====== Input data
(* Only the sources of lowering steps are required to be tableaux, so the endpoint Z need not
   lie in B^(n+d); positivity of the preimage is what is carried along instead. *)
lemma crystal_le_from_shift_tableau:
  assumes "is_partition lam" "S \<in> tabB n lam"
    and "crystal_le (n + d) lam (shift_tableau d S) Z"
  obtains T where "Z = shift_tableau d T" "crystal_le n lam S T" "\<forall>v\<in>set (concat T). 1 \<le> v"
proof -
  have "\<exists>T. Z = shift_tableau d T \<and> crystal_le n lam S T \<and> (\<forall>v\<in>set (concat T). 1 \<le> v)"
    using assms(3) unfolding crystal_le_def
  proof (induction rule: rtrancl_induct)
    case base
    then show ?case
      using assms(2) ssyt_entries unfolding tabB_def crystal_le_def by blast
  next
    case (step Y Z)
    obtain y where y: "Y = shift_tableau d y" "crystal_le n lam S y" "\<forall>v\<in>set (concat y). 1 \<le> v"
      using step.IH unfolding crystal_le_def by blast
    obtain i where i: "Y \<in> tabB (n + d) lam" "i \<in> {1..n + d}" "crystal_F i Y = Some Z"
      using step.hyps(2) unfolding crystal_steps_def by auto
    have "y \<in> tabB n lam"
      using i(1) y(1,3) ssyt_shift_tableau_iff[OF assms(1)] unfolding tabB_def by blast
    obtain v where "v \<in> set (concat y)" "i = v + d"
      using crystal_F_entries(1)[OF i(3)] unfolding y(1) set_concat_shift_tableau by blast
    then have "d < i"
      using y(3) by fastforce
    then obtain j where j: "i = j + d" "j \<in> {1..n}"
      using i(2) by (intro that[of "i - d"]) auto
    then obtain z where z: "crystal_F j y = Some z" "Z = shift_tableau d z"
      using i(3) y(1) crystal_F_shift_tableau[of j d y] by auto
    have "(y, z) \<in> crystal_steps n lam"
      using \<open>y \<in> tabB n lam\<close> j(2) z(1) unfolding crystal_steps_def by auto
    moreover have "\<forall>v\<in>set (concat z). 1 \<le> v"
      using crystal_F_entries(4)[OF z(1)] y(3) by auto
    ultimately show ?case
      using y(2) z(2) unfolding crystal_le_def by (blast intro: rtrancl_into_rtrancl)
  qed
  then show thesis
    using that by blast
qed

lemma crystal_le_shift_tableau_iff:
  assumes "is_partition lam" and "S \<in> tabB n lam"
  shows "crystal_le (n + d) lam (shift_tableau d S) (shift_tableau d T) \<longleftrightarrow> crystal_le n lam S T"
  using crystal_le_from_shift_tableau[OF assms] crystal_le_shift_tableau[OF assms(1)]
    inj_shift_tableau[of d]
  by (metis injD)

lemma shift_tableau_image_upward_closed:
  assumes "is_partition lam" "S \<in> tabB n lam" "Z \<in> tabB (n + d) lam"
    and "crystal_le (n + d) lam (shift_tableau d S) Z"
  shows "Z \<in> shift_tableau d ` tabB n lam"
proof -
  obtain T where T: "Z = shift_tableau d T" "\<forall>v\<in>set (concat T). 1 \<le> v"
    using crystal_le_from_shift_tableau[OF assms(1,2,4)] by blast
  then have "T \<in> tabB n lam"
    using assms(3) ssyt_shift_tableau_iff[OF assms(1)] unfolding tabB_def by blast
  with T(1) show ?thesis
    by blast
qed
============
Directions for this task: Search the entries above for "assms". Return every line that has it.

Written solution:
    using assms(3) unfolding crystal_le_def
      using assms(2) ssyt_entries unfolding tabB_def crystal_le_def by blast
      using i(1) y(1,3) ssyt_shift_tableau_iff[OF assms(1)] unfolding tabB_def by blast
  using crystal_le_from_shift_tableau[OF assms] crystal_le_shift_tableau[OF assms(1)]
    using crystal_le_from_shift_tableau[OF assms(1,2,4)] by blast
    using assms(3) ssyt_shift_tableau_iff[OF assms(1)] unfolding tabB_def by blast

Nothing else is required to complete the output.